Dropout: A Simple Way to Prevent Neural Networks from Overfitting

Nitish Srivastava, Geoffrey Hinton, Alex Krizhevsky, Ilya Sutskever, Ruslan Salakhutdinov

Problem

Deep neural networks overfit their training data. Hence, they have poor accuracy on testing data that was never seen during training.

Conventional methods to solve this problem, also know as regularization include weight penalty based methods (L1 and L2) and averaging over multiple models. They are slow and consume too much memory to be practical at a large scale.

Also, we may not always have enough data to build multiple models to average over.

Key Idea

When training a neural network, randomly drop-out units.

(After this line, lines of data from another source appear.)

lemma Qnk_quot_coeff_Suc_0:
  assumes "k \<ge> 1"
  shows "Qnk_quot_coeff n k (Suc s) 0 = Qnk_quot_coeff n k s 0"
proof -
  have diagonal: "(\<Sum>t=1..s'. gbinom (int n - int t) (int k - 1) * gbinom (int s' - int t + int 0) (int s' - int t))
     = (\<Sum>t=1..s'. gbinom (int n - int t) (int k - 1))" for s'
  proof (rule sum.cong[OF refl])
    fix t assume "t \<in> {1..s'}"
    then have "gbinom (int s' - int t + int 0) (int s' - int t) = 1"
      using gbinom_of_nat[of "s' - t" "s' - t"] by (simp add: of_nat_diff)
    then show "gbinom (int n - int t) (int k - 1) * gbinom (int s' - int t + int 0) (int s' - int t)
        = gbinom (int n - int t) (int k - 1)"
      by simp
  qed
  have "gbinom (int n - int s) (int k) = gbinom (int n - int (Suc s)) (int k - 1) + gbinom (int n - int (Suc s)) (int k)"
    using assms gbinom_Pascal[of "int k - 1" "int n - int (Suc s)"] by simp
  then show ?thesis
    unfolding Qnk_quot_coeff_def diagonal by simp
qed

lemma Qnk_quot_Suc_times_one_minus_X:
  assumes "k \<ge> 1"
  shows "Qnk_quot n k (Suc s) * (1 - fps_X) = Qnk_quot n k s"
proof (rule fps_ext)
  fix m
  have "Qnk_quot n k (Suc s) * (1 - fps_X) = Qnk_quot n k (Suc s) - fps_X * Qnk_quot n k (Suc s)"
    by (simp add: algebra_simps)
  then have coeff: "(Qnk_quot n k (Suc s) * (1 - fps_X)) $ m
      = Qnk_quot n k (Suc s) $ m - (if m = 0 then 0 else Qnk_quot n k (Suc s) $ (m - 1))"
    by simp
  consider "m < k" | "m = k" | j where "m = k + Suc j"
    by (metis add_Suc_right less_imp_Suc_add linorder_neqE_nat)
  then show "(Qnk_quot n k (Suc s) * (1 - fps_X)) $ m = Qnk_quot n k s $ m"
  proof cases
    case 1
    then show ?thesis unfolding coeff by (simp add: Qnk_quot_def)
  next
    case 2
    then show ?thesis unfolding coeff using assms Qnk_quot_coeff_Suc_0[OF assms] by (simp add: Qnk_quot_def)
  next
    case (3 j)
    then show ?thesis unfolding coeff using Qnk_quot_coeff_Suc_diff[of n k s j] by (simp add: Qnk_quot_def)
  qed
qed

lemma Qnk_eq_Qnk_quot_0: "Qnk n k = Qnk_quot n k 0"
proof (rule fps_ext)
  fix m
  have "Qnk n k $ m = (\<Sum>i=k..n. if m = i then (-1) ^ (i - k) * gbinom (int n) (int i) else 0)"
    unfolding Qnk_def fps_sum_nth by (intro sum.cong) (auto simp: fps_X_power_nth)
  also have "\<dots> = Qnk_quot n k 0 $ m"
    by (auto simp: Qnk_quot_def Qnk_quot_coeff_def gbinom_of_nat)
  finally show "Qnk n k $ m = Qnk_quot n k 0 $ m" .
qed

lemma Qnk_eq_Qnk_quot_times:
  assumes "k \<ge> 1"
  shows "Qnk n k = Qnk_quot n k s * (1 - fps_X) ^ s"
proof (induction s)
  case 0
  then show ?case by (simp add: Qnk_eq_Qnk_quot_0)
next
  case (Suc s)
  then show ?case
    using Qnk_quot_Suc_times_one_minus_X[OF assms, of n s] by (simp add: mult.assoc)
qed

lemma Qnk_divide_one_minus_X_power:
  assumes "k \<ge> 1"
  shows "Qnk n k / (1 - fps_X) ^ s = Qnk_quot n k s"
proof -
  have "(1 - fps_X :: rat fps) ^ s $ 0 = 1"
    by (simp add: fps_nth_power_0)
  then have "(1 - fps_X :: rat fps) ^ s \<noteq> 0"
    by auto
  then show ?thesis
    using Qnk_eq_Qnk_quot_times[OF assms, of n s] by simp
qed

theorem proposition3p7:
  fixes n k s :: nat
  assumes "1 \<le> k" and "k \<le> n"
  shows "Qnk n k / (1 - fps_X) ^ s =
           Abs_fps (\<lambda>m. if m < k then 0 else
             (-1) ^ (m - k) * gbinom (int n - int s) (int k + int (m - k))
             + (\<Sum>t=1..s. gbinom (int n - int t) (int k - 1)
                           * gbinom (int s - int t + int (m - k)) (int s - int t)))
       \<and> Qnk n k / (1 - fps_X) ^ s =
           Abs_fps (\<lambda>m. if m < k then 0 else
             (-1) ^ (m - k) * gbinom (int n - int s) (int k + int (m - k))
             + (\<Sum>l=0..<k. gbinom (int (m - k) + int l) (int l)
                           * gbinom (int n - int s - int (m - k) - int l - 1) (int k - int l - 1)
                           * gbinom (int s + int (m - k) + int l) (int s - 1)))"
proof -
  have sums_eq: "(\<Sum>t=1..s. gbinom (int n - int t) (int k - 1) * gbinom (int s - int t + int j) (int s - int t))
    = (\<Sum>l=0..<k. gbinom (int j + int l) (int l) * gbinom (int n - int s - int j - int l - 1) (int k - int l - 1)
                    * gbinom (int s + int j + int l) (int s - 1))" for j
  proof (cases "s = 0")
    case True
    then show ?thesis by (simp add: gbinom_neg)
  next
    case False
    then show ?thesis by (intro sum_over_t_eq_sum_over_l) simp
  qed
  have "Qnk n k / (1 - fps_X) ^ s =
           Abs_fps (\<lambda>m. if m < k then 0 else
             (-1) ^ (m - k) * gbinom (int n - int s) (int k + int (m - k))
             + (\<Sum>t=1..s. gbinom (int n - int t) (int k - 1)
                           * gbinom (int s - int t + int (m - k)) (int s - int t)))"
    unfolding Qnk_divide_one_minus_X_power[OF assms(1)] Qnk_quot_def Qnk_quot_coeff_def ..
  then show ?thesis
    unfolding sums_eq by simp
qed

end
lemma sum_abs_util_diff_le:
  assumes P: "P \<in> ranking_tensors m q"
  shows "(\<Sum>i\<in>users m. \<bar>util m q mu v P i - util_hat m q muhat mu v P i\<bar>)
    \<le> sqrt (real m * (\<Sum>k=1..q. (v k)\<^sup>2))
      * sqrt (\<Sum>(i,j)\<in>users m \<times> items m q. (muhat i j - mu i j)\<^sup>2)"
proof -
  let ?UI = "users m \<times> items m q"
  let ?e = "\<lambda>(i,j). mu i j - muhat i j" and ?f = "\<lambda>(i,j). Pv q v P i j"
  have "(\<Sum>i\<in>users m. \<bar>util m q mu v P i - util_hat m q muhat mu v P i\<bar>)
      = (\<Sum>i\<in>users m. \<bar>\<Sum>j\<in>items m q. ?e (i,j) * ?f (i,j)\<bar>)"
    using P by (intro sum.cong) (auto simp: util_user util_hat_def sum_subtractf[symmetric] left_diff_distrib)
  also have "\<dots> \<le> (\<Sum>(i,j)\<in>?UI. \<bar>?e (i,j)\<bar> * \<bar>?f (i,j)\<bar>)"
    unfolding sum.cartesian_product[symmetric] by (intro sum_mono order_trans[OF sum_abs]) (simp add: abs_mult)
  also have "\<dots> \<le> L2_set ?e ?UI * L2_set ?f ?UI"
    using L2_set_mult_ineq[of ?e ?f ?UI] by (simp add: case_prod_beta)
  also have "\<dots> \<le> L2_set ?e ?UI * sqrt (real m * (\<Sum>k=1..q. (v k)\<^sup>2))"
    using sum_Pv_square_le[OF P, of v] unfolding L2_set_def
    by (intro mult_left_mono real_sqrt_le_mono) (auto simp: case_prod_beta sum_nonneg)
  also have "L2_set ?e ?UI = sqrt (\<Sum>(i,j)\<in>?UI. (muhat i j - mu i j)\<^sup>2)"
    unfolding L2_set_def by (simp add: case_prod_beta power2_commute)
  finally show ?thesis
    by (simp only: mult.commute)
qed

Dropping out a unit here, means temporarily hiding the unit along with its input and output connections ( setting its output to 0 ).

A standard neural network with 2 hidden layers The same neural network with dropout

When testing or making predictions, multiply the output of a dropped out unit by p, the probability of it being retained.

How does it work ?

Applying dropout to a network is equivalent to sampling a network with lesser number of units in each layer or “thinned” network. The thinned network has all the units that were survived dropout.

So, a network of n units, is equivalent to a collection of 2^n thinner networks sharing weights.

However, when testing or making predictions, it is not feasible to average over an exponentially large number of networks. To tackle this, the authors suggest that a simple approximation method -

Use the same network, but with no dropout, multiplying output of each dropout unit with the probability of it being retained.

w_predict = w_train * p

w_predict = weight being used for prediction.

w_train = weight learned from training.

p = probability of the unit being retained ( 1 - probability of dropout ).

Footnotes

They also provide an intersting architecture of a CNN used on Street View House Numbers dataset in the appendix.